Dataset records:
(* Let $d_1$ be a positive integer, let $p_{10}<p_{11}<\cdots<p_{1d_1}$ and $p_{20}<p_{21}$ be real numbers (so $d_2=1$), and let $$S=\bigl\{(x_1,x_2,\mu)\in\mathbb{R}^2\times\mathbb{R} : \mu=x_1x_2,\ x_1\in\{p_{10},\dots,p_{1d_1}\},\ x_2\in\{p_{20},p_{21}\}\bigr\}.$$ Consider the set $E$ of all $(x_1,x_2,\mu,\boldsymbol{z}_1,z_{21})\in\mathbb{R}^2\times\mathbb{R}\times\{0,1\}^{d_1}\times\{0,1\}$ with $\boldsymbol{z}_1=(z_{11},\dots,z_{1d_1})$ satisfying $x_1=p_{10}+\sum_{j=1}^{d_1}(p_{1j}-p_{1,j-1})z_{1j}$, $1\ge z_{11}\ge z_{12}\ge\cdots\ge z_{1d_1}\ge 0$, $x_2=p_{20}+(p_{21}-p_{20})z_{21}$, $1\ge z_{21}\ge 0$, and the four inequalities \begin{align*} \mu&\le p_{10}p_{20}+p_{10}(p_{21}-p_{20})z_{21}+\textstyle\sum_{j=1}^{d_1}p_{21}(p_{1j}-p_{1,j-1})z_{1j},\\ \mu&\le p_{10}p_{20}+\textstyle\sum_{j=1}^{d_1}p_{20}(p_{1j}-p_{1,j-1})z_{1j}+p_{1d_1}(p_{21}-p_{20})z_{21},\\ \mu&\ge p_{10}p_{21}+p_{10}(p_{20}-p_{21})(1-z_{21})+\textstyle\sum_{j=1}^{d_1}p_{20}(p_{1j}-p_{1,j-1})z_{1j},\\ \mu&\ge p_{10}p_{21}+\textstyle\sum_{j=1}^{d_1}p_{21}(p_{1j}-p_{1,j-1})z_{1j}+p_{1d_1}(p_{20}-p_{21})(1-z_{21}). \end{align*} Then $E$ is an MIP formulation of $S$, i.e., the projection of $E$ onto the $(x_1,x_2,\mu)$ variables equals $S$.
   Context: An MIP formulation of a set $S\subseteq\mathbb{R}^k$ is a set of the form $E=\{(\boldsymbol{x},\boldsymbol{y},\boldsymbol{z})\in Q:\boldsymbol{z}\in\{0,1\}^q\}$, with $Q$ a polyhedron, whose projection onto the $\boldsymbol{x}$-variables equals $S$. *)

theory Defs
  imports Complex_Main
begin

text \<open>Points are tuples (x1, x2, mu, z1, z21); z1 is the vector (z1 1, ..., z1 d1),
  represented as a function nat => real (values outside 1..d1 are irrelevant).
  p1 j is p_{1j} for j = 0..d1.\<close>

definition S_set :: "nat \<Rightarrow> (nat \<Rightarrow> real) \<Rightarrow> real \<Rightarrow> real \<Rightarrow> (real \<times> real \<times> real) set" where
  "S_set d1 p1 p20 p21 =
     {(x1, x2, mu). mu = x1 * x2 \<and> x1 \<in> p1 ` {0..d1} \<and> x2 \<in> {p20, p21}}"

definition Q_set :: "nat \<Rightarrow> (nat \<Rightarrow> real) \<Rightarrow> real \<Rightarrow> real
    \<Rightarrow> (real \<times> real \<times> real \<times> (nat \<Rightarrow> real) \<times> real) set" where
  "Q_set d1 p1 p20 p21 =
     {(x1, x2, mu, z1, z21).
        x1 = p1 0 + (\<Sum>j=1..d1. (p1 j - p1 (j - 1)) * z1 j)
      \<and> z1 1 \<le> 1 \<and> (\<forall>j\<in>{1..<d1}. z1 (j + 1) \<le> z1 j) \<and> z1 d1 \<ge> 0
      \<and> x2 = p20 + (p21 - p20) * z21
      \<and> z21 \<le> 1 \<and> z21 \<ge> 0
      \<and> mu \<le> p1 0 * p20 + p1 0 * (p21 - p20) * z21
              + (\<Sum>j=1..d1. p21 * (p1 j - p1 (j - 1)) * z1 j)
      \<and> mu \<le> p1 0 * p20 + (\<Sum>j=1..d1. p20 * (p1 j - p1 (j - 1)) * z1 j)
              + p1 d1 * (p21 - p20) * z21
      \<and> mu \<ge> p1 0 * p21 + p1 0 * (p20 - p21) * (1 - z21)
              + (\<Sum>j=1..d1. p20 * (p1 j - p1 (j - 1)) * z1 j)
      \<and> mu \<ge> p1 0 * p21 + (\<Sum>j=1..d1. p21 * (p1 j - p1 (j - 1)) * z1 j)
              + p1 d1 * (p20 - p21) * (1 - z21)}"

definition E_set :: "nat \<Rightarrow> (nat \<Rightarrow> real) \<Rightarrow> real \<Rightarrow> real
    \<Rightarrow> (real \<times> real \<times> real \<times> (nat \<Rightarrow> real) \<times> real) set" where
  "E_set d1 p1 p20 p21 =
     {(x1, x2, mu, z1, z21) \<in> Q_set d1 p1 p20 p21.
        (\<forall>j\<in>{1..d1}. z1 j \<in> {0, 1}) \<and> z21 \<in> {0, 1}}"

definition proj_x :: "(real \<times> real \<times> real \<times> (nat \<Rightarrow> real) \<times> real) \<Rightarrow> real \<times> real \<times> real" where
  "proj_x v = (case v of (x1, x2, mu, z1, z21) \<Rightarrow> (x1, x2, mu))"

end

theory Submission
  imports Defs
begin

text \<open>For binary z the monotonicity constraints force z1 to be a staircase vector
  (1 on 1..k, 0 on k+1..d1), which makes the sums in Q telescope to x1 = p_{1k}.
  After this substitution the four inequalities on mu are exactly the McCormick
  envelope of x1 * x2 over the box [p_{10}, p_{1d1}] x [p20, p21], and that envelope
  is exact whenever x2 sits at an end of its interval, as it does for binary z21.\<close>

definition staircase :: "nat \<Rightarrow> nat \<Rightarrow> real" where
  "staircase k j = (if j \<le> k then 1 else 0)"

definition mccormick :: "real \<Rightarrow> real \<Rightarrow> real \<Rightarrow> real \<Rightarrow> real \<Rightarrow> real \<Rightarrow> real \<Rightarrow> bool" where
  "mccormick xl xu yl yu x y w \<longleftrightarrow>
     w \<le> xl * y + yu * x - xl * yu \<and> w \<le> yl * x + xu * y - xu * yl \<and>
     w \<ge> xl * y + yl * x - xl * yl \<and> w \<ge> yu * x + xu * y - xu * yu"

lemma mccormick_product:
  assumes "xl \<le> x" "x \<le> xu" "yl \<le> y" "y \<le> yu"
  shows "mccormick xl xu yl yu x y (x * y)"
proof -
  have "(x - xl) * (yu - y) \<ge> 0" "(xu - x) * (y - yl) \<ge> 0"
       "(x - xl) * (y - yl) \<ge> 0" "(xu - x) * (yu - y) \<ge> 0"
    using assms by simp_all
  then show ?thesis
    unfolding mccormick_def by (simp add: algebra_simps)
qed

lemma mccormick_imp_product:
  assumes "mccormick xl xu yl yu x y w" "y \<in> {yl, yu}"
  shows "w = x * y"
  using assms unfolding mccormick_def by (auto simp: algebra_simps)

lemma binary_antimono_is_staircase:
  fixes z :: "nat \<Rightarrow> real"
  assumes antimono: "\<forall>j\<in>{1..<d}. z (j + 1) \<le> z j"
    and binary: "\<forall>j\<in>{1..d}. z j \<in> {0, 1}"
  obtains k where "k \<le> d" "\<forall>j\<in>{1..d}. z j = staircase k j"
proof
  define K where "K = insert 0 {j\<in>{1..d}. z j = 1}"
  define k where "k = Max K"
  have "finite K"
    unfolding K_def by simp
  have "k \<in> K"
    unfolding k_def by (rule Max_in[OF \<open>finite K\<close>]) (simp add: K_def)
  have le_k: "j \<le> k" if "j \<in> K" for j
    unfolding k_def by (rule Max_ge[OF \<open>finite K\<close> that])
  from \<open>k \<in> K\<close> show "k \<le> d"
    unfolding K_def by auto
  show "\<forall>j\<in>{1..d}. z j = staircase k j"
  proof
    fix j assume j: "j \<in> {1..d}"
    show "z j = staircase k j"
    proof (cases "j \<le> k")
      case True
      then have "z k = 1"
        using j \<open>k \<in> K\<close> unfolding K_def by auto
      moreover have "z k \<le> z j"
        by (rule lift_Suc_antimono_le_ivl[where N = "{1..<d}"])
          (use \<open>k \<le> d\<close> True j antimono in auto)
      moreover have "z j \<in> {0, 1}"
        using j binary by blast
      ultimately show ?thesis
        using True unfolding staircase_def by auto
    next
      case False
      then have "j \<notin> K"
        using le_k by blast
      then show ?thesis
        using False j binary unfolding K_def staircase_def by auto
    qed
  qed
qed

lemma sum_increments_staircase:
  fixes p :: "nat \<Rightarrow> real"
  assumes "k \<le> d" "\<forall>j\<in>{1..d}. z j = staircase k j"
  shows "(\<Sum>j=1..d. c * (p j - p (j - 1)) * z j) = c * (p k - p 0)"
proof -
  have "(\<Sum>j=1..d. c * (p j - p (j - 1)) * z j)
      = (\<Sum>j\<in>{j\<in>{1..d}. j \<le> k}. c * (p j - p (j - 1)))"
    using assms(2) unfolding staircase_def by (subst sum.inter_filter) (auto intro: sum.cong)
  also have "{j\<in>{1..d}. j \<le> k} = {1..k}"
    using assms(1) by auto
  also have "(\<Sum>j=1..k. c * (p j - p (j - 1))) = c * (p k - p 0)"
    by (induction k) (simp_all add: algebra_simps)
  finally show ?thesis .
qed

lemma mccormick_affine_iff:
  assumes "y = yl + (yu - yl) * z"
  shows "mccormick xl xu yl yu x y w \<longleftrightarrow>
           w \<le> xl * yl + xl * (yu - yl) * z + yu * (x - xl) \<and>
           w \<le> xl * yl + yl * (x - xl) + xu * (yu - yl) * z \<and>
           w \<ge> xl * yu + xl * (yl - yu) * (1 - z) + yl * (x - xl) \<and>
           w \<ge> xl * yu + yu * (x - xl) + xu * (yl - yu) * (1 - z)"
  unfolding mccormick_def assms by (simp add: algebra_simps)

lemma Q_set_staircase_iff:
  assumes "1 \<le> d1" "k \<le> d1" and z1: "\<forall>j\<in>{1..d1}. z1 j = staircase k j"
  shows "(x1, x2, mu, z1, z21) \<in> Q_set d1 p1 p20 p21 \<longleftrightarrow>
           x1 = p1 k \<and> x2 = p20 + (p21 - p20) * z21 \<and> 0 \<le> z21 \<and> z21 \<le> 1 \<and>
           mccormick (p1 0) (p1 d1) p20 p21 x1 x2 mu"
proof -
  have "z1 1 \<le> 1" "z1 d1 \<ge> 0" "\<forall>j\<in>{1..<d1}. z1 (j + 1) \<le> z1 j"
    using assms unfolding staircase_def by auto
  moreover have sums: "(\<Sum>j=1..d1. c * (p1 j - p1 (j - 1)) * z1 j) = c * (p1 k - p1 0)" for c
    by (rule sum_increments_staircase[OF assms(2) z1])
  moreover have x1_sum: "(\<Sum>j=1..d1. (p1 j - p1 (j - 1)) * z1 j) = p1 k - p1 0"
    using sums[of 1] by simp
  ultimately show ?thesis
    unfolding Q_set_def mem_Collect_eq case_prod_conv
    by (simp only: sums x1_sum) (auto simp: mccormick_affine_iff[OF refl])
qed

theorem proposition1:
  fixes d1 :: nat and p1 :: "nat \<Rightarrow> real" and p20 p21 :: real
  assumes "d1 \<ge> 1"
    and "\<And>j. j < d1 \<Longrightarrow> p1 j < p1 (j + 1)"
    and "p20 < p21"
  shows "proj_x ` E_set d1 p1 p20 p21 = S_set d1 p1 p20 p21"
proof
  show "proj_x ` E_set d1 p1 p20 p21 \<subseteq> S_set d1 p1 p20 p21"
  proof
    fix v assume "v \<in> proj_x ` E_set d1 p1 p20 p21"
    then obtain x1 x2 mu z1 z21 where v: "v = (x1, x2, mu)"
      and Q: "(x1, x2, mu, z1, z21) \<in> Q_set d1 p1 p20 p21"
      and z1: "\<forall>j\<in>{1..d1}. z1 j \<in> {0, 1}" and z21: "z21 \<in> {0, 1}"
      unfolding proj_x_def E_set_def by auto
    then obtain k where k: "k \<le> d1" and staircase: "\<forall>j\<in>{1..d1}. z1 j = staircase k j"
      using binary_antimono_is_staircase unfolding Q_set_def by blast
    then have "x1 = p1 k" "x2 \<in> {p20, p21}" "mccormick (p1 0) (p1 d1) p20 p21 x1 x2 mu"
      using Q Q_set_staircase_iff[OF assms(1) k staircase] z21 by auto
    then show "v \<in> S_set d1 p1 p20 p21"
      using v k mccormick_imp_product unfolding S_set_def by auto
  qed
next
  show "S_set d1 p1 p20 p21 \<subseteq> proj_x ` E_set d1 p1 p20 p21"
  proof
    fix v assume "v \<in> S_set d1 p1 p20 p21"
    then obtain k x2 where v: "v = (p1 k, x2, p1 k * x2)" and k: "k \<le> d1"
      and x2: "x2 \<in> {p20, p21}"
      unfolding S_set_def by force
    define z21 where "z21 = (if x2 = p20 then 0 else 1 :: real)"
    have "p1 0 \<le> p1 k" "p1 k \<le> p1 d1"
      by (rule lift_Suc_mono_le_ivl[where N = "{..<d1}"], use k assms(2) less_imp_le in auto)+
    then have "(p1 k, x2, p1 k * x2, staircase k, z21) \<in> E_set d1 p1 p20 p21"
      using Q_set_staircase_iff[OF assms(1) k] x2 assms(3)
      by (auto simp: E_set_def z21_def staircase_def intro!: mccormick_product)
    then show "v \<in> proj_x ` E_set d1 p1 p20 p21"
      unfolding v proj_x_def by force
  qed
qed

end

* * *

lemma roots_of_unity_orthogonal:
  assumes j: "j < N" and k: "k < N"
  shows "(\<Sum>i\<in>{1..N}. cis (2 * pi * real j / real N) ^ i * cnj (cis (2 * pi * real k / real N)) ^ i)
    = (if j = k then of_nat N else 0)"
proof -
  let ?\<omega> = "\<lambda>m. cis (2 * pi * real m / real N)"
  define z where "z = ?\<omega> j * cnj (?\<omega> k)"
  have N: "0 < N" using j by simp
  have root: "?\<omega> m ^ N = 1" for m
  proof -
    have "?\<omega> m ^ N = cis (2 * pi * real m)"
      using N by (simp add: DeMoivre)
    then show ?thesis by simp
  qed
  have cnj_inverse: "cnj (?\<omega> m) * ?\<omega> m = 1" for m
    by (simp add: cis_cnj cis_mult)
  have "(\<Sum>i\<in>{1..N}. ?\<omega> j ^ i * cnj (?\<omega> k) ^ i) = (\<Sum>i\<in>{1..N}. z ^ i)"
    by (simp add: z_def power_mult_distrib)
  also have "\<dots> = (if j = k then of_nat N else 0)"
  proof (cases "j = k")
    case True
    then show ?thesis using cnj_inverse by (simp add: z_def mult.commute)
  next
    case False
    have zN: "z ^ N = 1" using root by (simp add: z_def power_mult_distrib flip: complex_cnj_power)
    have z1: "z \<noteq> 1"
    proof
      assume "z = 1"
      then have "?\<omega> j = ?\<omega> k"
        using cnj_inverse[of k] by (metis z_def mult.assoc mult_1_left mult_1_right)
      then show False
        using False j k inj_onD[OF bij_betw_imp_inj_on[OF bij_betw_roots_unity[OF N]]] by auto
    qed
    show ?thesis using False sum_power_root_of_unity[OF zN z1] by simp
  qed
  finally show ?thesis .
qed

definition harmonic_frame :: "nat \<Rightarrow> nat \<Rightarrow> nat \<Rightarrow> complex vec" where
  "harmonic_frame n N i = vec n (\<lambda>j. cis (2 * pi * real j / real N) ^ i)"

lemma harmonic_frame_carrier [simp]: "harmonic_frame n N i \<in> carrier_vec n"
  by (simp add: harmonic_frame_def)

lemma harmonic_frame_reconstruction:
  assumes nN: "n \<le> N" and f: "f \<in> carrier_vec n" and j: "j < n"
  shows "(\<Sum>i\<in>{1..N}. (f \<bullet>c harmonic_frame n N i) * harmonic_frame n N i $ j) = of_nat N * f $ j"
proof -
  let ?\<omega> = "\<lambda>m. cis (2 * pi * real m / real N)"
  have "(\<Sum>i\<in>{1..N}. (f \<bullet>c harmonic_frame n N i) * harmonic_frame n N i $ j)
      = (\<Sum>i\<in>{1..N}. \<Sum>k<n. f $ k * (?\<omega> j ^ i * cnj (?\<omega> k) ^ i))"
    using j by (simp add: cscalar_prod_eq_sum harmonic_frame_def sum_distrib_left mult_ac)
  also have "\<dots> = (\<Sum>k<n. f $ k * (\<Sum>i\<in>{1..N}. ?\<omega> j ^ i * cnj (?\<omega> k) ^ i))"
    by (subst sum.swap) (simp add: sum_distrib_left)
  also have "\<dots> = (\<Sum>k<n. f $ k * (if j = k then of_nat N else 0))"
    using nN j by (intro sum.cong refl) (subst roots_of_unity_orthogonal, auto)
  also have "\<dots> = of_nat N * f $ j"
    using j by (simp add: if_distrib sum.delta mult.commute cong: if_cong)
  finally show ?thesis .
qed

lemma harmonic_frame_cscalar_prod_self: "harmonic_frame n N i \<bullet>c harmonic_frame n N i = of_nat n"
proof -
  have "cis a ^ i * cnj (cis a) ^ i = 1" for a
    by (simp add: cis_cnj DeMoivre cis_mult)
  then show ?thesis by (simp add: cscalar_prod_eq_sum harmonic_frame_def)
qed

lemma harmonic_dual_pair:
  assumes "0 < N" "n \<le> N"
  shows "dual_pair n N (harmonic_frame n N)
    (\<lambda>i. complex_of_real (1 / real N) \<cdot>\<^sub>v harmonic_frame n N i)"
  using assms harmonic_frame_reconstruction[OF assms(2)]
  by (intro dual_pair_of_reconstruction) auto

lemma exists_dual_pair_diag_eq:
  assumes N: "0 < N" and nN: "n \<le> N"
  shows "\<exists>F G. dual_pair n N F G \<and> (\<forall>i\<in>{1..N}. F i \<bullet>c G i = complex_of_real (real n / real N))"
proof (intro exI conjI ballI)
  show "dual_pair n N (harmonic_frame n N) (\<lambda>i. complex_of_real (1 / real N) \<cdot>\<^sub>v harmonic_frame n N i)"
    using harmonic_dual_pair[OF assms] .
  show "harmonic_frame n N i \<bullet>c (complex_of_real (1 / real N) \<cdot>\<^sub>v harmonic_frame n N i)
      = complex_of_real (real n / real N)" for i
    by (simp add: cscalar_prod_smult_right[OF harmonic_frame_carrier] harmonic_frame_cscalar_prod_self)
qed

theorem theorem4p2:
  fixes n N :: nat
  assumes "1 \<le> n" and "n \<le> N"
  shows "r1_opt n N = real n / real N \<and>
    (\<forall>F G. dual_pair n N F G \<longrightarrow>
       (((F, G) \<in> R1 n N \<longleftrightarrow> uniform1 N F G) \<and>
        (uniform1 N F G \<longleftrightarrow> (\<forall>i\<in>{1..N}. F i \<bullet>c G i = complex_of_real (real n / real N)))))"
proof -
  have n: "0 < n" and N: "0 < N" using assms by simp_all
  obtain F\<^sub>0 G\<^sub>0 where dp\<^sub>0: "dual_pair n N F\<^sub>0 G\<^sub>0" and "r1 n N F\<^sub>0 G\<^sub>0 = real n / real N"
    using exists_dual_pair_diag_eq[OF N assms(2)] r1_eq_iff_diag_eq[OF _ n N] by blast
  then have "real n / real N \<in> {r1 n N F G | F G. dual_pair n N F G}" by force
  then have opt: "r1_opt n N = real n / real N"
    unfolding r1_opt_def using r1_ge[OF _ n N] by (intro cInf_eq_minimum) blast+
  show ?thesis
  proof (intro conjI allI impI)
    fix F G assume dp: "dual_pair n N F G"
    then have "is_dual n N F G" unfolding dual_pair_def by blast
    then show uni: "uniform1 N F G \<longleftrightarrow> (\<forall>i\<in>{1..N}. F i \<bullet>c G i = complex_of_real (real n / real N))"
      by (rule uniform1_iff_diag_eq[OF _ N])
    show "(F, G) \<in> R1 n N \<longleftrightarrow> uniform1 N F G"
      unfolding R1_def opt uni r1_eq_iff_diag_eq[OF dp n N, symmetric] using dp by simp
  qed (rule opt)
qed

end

- _REQUIRED WORK_
Retype the portion of the data above that starts on the line with "unfolding mccormick_def by (simp" and finishes on the line with "z (j + 1) \<le>", including both of those lines.

- _TASK SOLUTION_
    unfolding mccormick_def by (simp add: algebra_simps)
qed

lemma mccormick_imp_product:
  assumes "mccormick xl xu yl yu x y w" "y \<in> {yl, yu}"
  shows "w = x * y"
  using assms unfolding mccormick_def by (auto simp: algebra_simps)

lemma binary_antimono_is_staircase:
  fixes z :: "nat \<Rightarrow> real"
  assumes antimono: "\<forall>j\<in>{1..<d}. z (j + 1) \<le> z j"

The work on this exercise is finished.